Download or read book Islam, Family Life, and Gender Inequality in Urban China written by Xiaowei Zang and published by Routledge. This book was released on 2012-06-12 with total page 366 pages. Available in PDF, EPUB and Kindle. Book excerpt: This book studies the relationship between Islam, family processes, and gender inequality among Uyghur Muslims in Ürümchi, China. Empirically, it shows in quantitative terms the extent of gender inequalities among Uyghur Muslims in Ürümchi and tests whether the gender inequalities are a difference in kind or in degree. It examines five aspects of gender inequality: employment, income, household task accomplishment, home management, and spousal power. Theoretically, it investigates how Islamic affiliation and family life affect Uyghur women’s status. Zang’s research involved rare and privileged access to a setting which is difficult for foreign scholars to study due to political restrictions. The data are drawn from fieldwork in Ürümchi between 2005 and 2008, which include a survey of 577 families, field observations, and 200 in-depth interviews with local Uyghurs.

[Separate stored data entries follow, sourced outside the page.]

text \<open>Gauss's evaluation: the product formula fixes the argument of \<open>gauss_sum half\<close> and
  \<open>gauss_sum_times_cnj\<close> its modulus.\<close>
lemma gauss_sum_half: "gauss_sum half = (-1) ^ k * of_real (sqrt (real p))"
proof -
  have "eta_pow p (- (half ^ 3)) * gauss_sum half = of_real sine_product * exp (\<i> * of_real (pi * real k / real p))"
    using alt_gauss_binomial_sum_eq_gauss_sum alt_gauss_binomial_sum_eq_prod prod_one_minus_eta_pow_odd
    by simp
  then have "gauss_sum half = of_real sine_product * (eta_pow p (half ^ 3) * exp (\<i> * of_real (pi * real k / real p)))"
    using eta_pow_minus_mult[of "half ^ 3"] by (metis mult.assoc mult.commute mult_1)
  then have signed: "gauss_sum half = (-1) ^ k * of_real sine_product"
    unfolding eta_pow_half_cube_phase by (simp add: mult.commute)
  have "of_real (sine_product * sine_product) = (of_nat p :: complex)"
    using gauss_sum_times_cnj[OF not_dvd_half]
    unfolding signed by (simp add: power_mult_distrib[symmetric] mult_ac)
  then have "sine_product * sine_product = real p"
    by (metis of_real_eq_iff of_real_of_nat_eq)
  then have "sine_product = sqrt (real p)"
    using sine_product_pos by (metis abs_of_pos real_sqrt_abs2)
  then show ?thesis
    unfolding signed by simp
qed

The book combines qualitative and quantitative data and methods to study gendered behavior and outcomes. The author’s study reinterprets family power and offers a more nuanced analysis of gender and domestic power in China and makes a pioneering effort to study spousal power, gender inequality in labor market outcomes, and gender inequality in household chores among members of ethnic minorities in China. The book will be of interest to students and scholars of ethnic studies, Chinese studies, Asian anthropology and cultural sociology.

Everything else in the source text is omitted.